Although a strong genetic susceptibility has been established for NIDDM and a maternal transmission of the disease predominates in some populations, a relationship between parental diabetes status and metabolic abnormalities in nondiabetic offspring has not been shown in humans. To address this question, we studied 2,152 first-degree relatives of patients with NIDDM (FH+) and 528 age- and weight-matched spouses without a family history of NIDDM (FH−) in Western Finland (the Botnia study). A subset of the subjects underwent a euglycemic insulin clamp combined with indirect calorimetry to measure insulin sensitivity and energy expenditure. Despite similar amounts of total body fat, persons with a family history of NIDDM had a greater waist-to-hip ratio (WHR) than spouses without a family history of diabetes (P < 0.003).
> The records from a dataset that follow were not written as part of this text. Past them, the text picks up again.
(* Let $A$ be a quasi-local algebra over $\mathbb{Z}$ with finite-dimensional local algebras $A_I$ satisfying weak algebraic Haag duality. An $A$-$A$ C$^\star$-correspondence $X$ is a DHR bimodule if and only if there exists $S\ge 0$ such that for every interval $I\subseteq\mathbb{Z}$ with $|I|\ge S$ there is a finite projective basis of $X$ contained in $X_I$.
   Context: A quasi-local algebra over $\mathbb{Z}$ is a unital C$^\star$-algebra $A$ with unital finite-dimensional C$^\star$-subalgebras $A_I$ for intervals $I\subseteq\mathbb{Z}$, increasing in $I$, with $[A_I,A_J]=0$ for disjoint $I,J$ and $\bigcup_IA_I$ norm dense. Weak algebraic Haag duality: there is $T\ge0$ such that $A_{I^c}'\cap A\subseteq A_{I^{+T}}$ for intervals $I$, where $I^{+T}$ is the $T$-neighbourhood of $I$. An $A$-$A$ correspondence is an $A$-$A$ bimodule with a right $A$-valued inner product making it a right Hilbert C$^\star$-module on which $A$ acts on the left by adjointable operators. For such $X$, $X_I=\{x\in X: ax=xa\ \forall a\in A_{I^c}\}$. $X$ is a DHR bimodule if there is $R\ge0$ such that for every interval $I$ with $|I|\ge R$, $\dim X_I<\infty$ and $X=X_IA$. A finite projective basis of $X$ is a finite set $\{b_i\}\subseteq X$ with $x=\sum_i b_i\langle b_i|x\rangle$ for all $x\in X$. *)

theory Defs
  imports "HOL-Analysis.Analysis"
begin

text \<open>Unital C*-algebras are modelled on a type 'a of class real_normed_algebra_1 and banach
  (norm, ring structure, unit, completeness), together with an explicit complex scalar
  multiplication sc and an involution st.\<close>

definition cstar_algebra :: "(complex \<Rightarrow> 'a::{real_normed_algebra_1,banach} \<Rightarrow> 'a) \<Rightarrow> ('a \<Rightarrow> 'a) \<Rightarrow> bool" where
  "cstar_algebra sc st \<longleftrightarrow>
     (\<forall>r a. sc (complex_of_real r) a = r *\<^sub>R a) \<and>
     (\<forall>c d a. sc (c + d) a = sc c a + sc d a) \<and>
     (\<forall>c a b. sc c (a + b) = sc c a + sc c b) \<and>
     (\<forall>c d a. sc (c * d) a = sc c (sc d a)) \<and>
     (\<forall>c a b. sc c (a * b) = sc c a * b) \<and>
     (\<forall>c a b. sc c (a * b) = a * sc c b) \<and>
     (\<forall>c a. norm (sc c a) = cmod c * norm a) \<and>
     (\<forall>a. st (st a) = a) \<and>
     (\<forall>a b. st (a + b) = st a + st b) \<and>
     (\<forall>c a. st (sc c a) = sc (cnj c) (st a)) \<and>
     (\<forall>a b. st (a * b) = st b * st a) \<and>
     (\<forall>a. norm (st a * a) = norm a ^ 2)"

definition star_subalg :: "(complex \<Rightarrow> 'a::ring_1 \<Rightarrow> 'a) \<Rightarrow> ('a \<Rightarrow> 'a) \<Rightarrow> 'a set \<Rightarrow> bool" where
  "star_subalg sc st B \<longleftrightarrow> 0 \<in> B \<and> 1 \<in> B \<and>
     (\<forall>a\<in>B. \<forall>b\<in>B. a + b \<in> B \<and> a * b \<in> B) \<and>
     (\<forall>c. \<forall>a\<in>B. sc c a \<in> B) \<and> (\<forall>a\<in>B. st a \<in> B)"

definition fin_dim_C :: "(complex \<Rightarrow> 'v::comm_monoid_add \<Rightarrow> 'v) \<Rightarrow> 'v set \<Rightarrow> bool" where
  "fin_dim_C sc S \<longleftrightarrow> (\<exists>B. finite B \<and> B \<subseteq> S \<and> S = {\<Sum>b\<in>B. sc (c b) b | c. True})"

definition interval :: "int set \<Rightarrow> bool" where
  "interval I \<longleftrightarrow> (\<exists>a b. a \<le> b \<and> I = {a..b})"

definition nbhd :: "nat \<Rightarrow> int set \<Rightarrow> int set" where
  "nbhd T I = {k. \<exists>i\<in>I. \<bar>k - i\<bar> \<le> int T}"

definition gen_cstar :: "(complex \<Rightarrow> 'a::{real_normed_algebra_1,banach} \<Rightarrow> 'a) \<Rightarrow> ('a \<Rightarrow> 'a) \<Rightarrow> 'a set \<Rightarrow> 'a set" where
  "gen_cstar sc st S = \<Inter>{B. S \<subseteq> B \<and> star_subalg sc st B \<and> closed B}"

definition Acompl :: "(complex \<Rightarrow> 'a::{real_normed_algebra_1,banach} \<Rightarrow> 'a) \<Rightarrow> ('a \<Rightarrow> 'a) \<Rightarrow> (int set \<Rightarrow> 'a set) \<Rightarrow> int set \<Rightarrow> 'a set" where
  "Acompl sc st Aloc I = gen_cstar sc st (\<Union>{Aloc J | J. interval J \<and> J \<inter> I = {}})"

definition quasi_local :: "(complex \<Rightarrow> 'a::{real_normed_algebra_1,banach} \<Rightarrow> 'a) \<Rightarrow> ('a \<Rightarrow> 'a) \<Rightarrow> (int set \<Rightarrow> 'a set) \<Rightarrow> bool" where
  "quasi_local sc st Aloc \<longleftrightarrow> cstar_algebra sc st \<and>
     (\<forall>I. interval I \<longrightarrow> star_subalg sc st (Aloc I) \<and> fin_dim_C sc (Aloc I)) \<and>
     (\<forall>I J. interval I \<longrightarrow> interval J \<longrightarrow> I \<subseteq> J \<longrightarrow> Aloc I \<subseteq> Aloc J) \<and>
     (\<forall>I J. interval I \<longrightarrow> interval J \<longrightarrow> I \<inter> J = {} \<longrightarrow>
        (\<forall>a\<in>Aloc I. \<forall>b\<in>Aloc J. a * b = b * a)) \<and>
     closure (\<Union>{Aloc I | I. interval I}) = UNIV"

definition weak_haag :: "(complex \<Rightarrow> 'a::{real_normed_algebra_1,banach} \<Rightarrow> 'a) \<Rightarrow> ('a \<Rightarrow> 'a) \<Rightarrow> (int set \<Rightarrow> 'a set) \<Rightarrow> bool" where
  "weak_haag sc st Aloc \<longleftrightarrow> (\<exists>T::nat. \<forall>I. interval I \<longrightarrow>
     {x. \<forall>a\<in>Acompl sc st Aloc I. x * a = a * x} \<subseteq> Aloc (nbhd T I))"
They also had a decreased resting metabolic rate (P = 0.005), but this difference disappeared when adjusted for the difference in WHR. Insulin-stimulated glucose metabolism (P = 0.002), particularly nonoxidative glucose metabolism (P = 0.009), was reduced in FH+ compared with FH− subjects, and this difference remained after adjustment for WHR. A parental history of NIDDM influenced the insulin response to the oral glucose load, with male offspring of diabetic mothers showing the lowest insulin values (P = 0.011). Moreover, a parental effect was also observed on HDL and HDL2 cholesterol concentrations with female offspring of diabetic mothers showing lower values than female offspring of diabetic fathers (both P < 0.002). We conclude that abdominal obesity, insulin resistance, and decreased resting metabolic rate are characteristic features of first-degree relatives of patients with NIDDM and that the decrease in resting metabolic rate is partially related to the degree of abdominal obesity. A sex-specific paternal effect was observed on insulin and HDL cholesterol concentrations. Therefore, one has to consider the possibility of unprecedented maternal or paternal inheritance of different NIDDM phenotypes.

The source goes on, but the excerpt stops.